● **ASSIGNMENT**
Extract the complete data exactly as given.
+++ PROVIDED DATA
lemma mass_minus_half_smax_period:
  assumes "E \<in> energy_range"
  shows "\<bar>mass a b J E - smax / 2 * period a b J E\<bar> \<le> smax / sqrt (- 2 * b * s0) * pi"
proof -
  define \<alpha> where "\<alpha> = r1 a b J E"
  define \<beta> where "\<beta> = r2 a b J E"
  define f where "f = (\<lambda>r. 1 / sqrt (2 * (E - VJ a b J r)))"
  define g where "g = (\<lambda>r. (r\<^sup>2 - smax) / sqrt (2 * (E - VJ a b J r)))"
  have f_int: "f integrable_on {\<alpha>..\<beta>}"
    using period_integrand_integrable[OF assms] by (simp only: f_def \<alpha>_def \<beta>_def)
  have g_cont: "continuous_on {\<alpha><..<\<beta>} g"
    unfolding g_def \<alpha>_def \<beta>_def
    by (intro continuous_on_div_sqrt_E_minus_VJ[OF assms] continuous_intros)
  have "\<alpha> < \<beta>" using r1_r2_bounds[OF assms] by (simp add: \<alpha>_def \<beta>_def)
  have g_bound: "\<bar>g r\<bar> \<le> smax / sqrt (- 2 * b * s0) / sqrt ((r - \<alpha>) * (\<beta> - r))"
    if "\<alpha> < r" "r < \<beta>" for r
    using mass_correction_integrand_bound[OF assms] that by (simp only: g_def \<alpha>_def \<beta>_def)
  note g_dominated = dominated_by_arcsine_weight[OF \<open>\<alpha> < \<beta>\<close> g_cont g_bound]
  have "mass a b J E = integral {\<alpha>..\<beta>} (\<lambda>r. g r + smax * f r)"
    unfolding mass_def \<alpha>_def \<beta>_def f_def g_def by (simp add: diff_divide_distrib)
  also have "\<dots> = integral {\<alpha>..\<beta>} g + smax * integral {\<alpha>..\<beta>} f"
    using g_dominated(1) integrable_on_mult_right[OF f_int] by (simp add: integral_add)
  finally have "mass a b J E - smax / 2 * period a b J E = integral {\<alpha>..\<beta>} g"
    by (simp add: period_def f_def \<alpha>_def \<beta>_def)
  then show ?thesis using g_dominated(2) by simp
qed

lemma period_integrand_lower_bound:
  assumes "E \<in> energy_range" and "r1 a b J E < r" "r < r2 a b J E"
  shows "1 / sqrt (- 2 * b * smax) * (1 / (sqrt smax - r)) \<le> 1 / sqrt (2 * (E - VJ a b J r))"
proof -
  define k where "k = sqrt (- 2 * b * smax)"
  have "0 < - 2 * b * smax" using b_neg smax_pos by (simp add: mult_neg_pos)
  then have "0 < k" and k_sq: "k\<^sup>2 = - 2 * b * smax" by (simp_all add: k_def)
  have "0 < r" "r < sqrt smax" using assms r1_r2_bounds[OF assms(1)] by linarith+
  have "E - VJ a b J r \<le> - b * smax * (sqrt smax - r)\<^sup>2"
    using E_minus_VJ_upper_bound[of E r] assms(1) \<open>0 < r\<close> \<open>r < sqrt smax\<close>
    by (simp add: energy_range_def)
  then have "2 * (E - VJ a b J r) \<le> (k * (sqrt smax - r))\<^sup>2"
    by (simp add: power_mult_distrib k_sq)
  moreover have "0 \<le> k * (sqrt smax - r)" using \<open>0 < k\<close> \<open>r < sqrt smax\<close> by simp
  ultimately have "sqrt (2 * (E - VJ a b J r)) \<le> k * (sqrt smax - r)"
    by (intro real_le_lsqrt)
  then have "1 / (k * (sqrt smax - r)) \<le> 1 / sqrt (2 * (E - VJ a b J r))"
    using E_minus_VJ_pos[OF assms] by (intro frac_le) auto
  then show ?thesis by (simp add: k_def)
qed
++++++
● **EXERCISE OUTPUT**
lemma mass_minus_half_smax_period:
  assumes "E \<in> energy_range"
  shows "\<bar>mass a b J E - smax / 2 * period a b J E\<bar> \<le> smax / sqrt (- 2 * b * s0) * pi"
proof -
  define \<alpha> where "\<alpha> = r1 a b J E"
  define \<beta> where "\<beta> = r2 a b J E"
  define f where "f = (\<lambda>r. 1 / sqrt (2 * (E - VJ a b J r)))"
  define g where "g = (\<lambda>r. (r\<^sup>2 - smax) / sqrt (2 * (E - VJ a b J r)))"
  have f_int: "f integrable_on {\<alpha>..\<beta>}"
    using period_integrand_integrable[OF assms] by (simp only: f_def \<alpha>_def \<beta>_def)
  have g_cont: "continuous_on {\<alpha><..<\<beta>} g"
    unfolding g_def \<alpha>_def \<beta>_def
    by (intro continuous_on_div_sqrt_E_minus_VJ[OF assms] continuous_intros)
  have "\<alpha> < \<beta>" using r1_r2_bounds[OF assms] by (simp add: \<alpha>_def \<beta>_def)
  have g_bound: "\<bar>g r\<bar> \<le> smax / sqrt (- 2 * b * s0) / sqrt ((r - \<alpha>) * (\<beta> - r))"
    if "\<alpha> < r" "r < \<beta>" for r
    using mass_correction_integrand_bound[OF assms] that by (simp only: g_def \<alpha>_def \<beta>_def)
  note g_dominated = dominated_by_arcsine_weight[OF \<open>\<alpha> < \<beta>\<close> g_cont g_bound]
  have "mass a b J E = integral {\<alpha>..\<beta>} (\<lambda>r. g r + smax * f r)"
    unfolding mass_def \<alpha>_def \<beta>_def f_def g_def by (simp add: diff_divide_distrib)
  also have "\<dots> = integral {\<alpha>..\<beta>} g + smax * integral {\<alpha>..\<beta>} f"
    using g_dominated(1) integrable_on_mult_right[OF f_int] by (simp add: integral_add)
  finally have "mass a b J E - smax / 2 * period a b J E = integral {\<alpha>..\<beta>} g"
    by (simp add: period_def f_def \<alpha>_def \<beta>_def)
  then show ?thesis using g_dominated(2) by simp
qed

lemma period_integrand_lower_bound:
  assumes "E \<in> energy_range" and "r1 a b J E < r" "r < r2 a b J E"
  shows "1 / sqrt (- 2 * b * smax) * (1 / (sqrt smax - r)) \<le> 1 / sqrt (2 * (E - VJ a b J r))"
proof -
  define k where "k = sqrt (- 2 * b * smax)"
  have "0 < - 2 * b * smax" using b_neg smax_pos by (simp add: mult_neg_pos)
  then have "0 < k" and k_sq: "k\<^sup>2 = - 2 * b * smax" by (simp_all add: k_def)
  have "0 < r" "r < sqrt smax" using assms r1_r2_bounds[OF assms(1)] by linarith+
  have "E - VJ a b J r \<le> - b * smax * (sqrt smax - r)\<^sup>2"
    using E_minus_VJ_upper_bound[of E r] assms(1) \<open>0 < r\<close> \<open>r < sqrt smax\<close>
    by (simp add: energy_range_def)
  then have "2 * (E - VJ a b J r) \<le> (k * (sqrt smax - r))\<^sup>2"
    by (simp add: power_mult_distrib k_sq)
  moreover have "0 \<le> k * (sqrt smax - r)" using \<open>0 < k\<close> \<open>r < sqrt smax\<close> by simp
  ultimately have "sqrt (2 * (E - VJ a b J r)) \<le> k * (sqrt smax - r)"
    by (intro real_le_lsqrt)
  then have "1 / (k * (sqrt smax - r)) \<le> 1 / sqrt (2 * (E - VJ a b J r))"
    using E_minus_VJ_pos[OF assms] by (intro frac_le) auto
  then show ?thesis by (simp add: k_def)
qed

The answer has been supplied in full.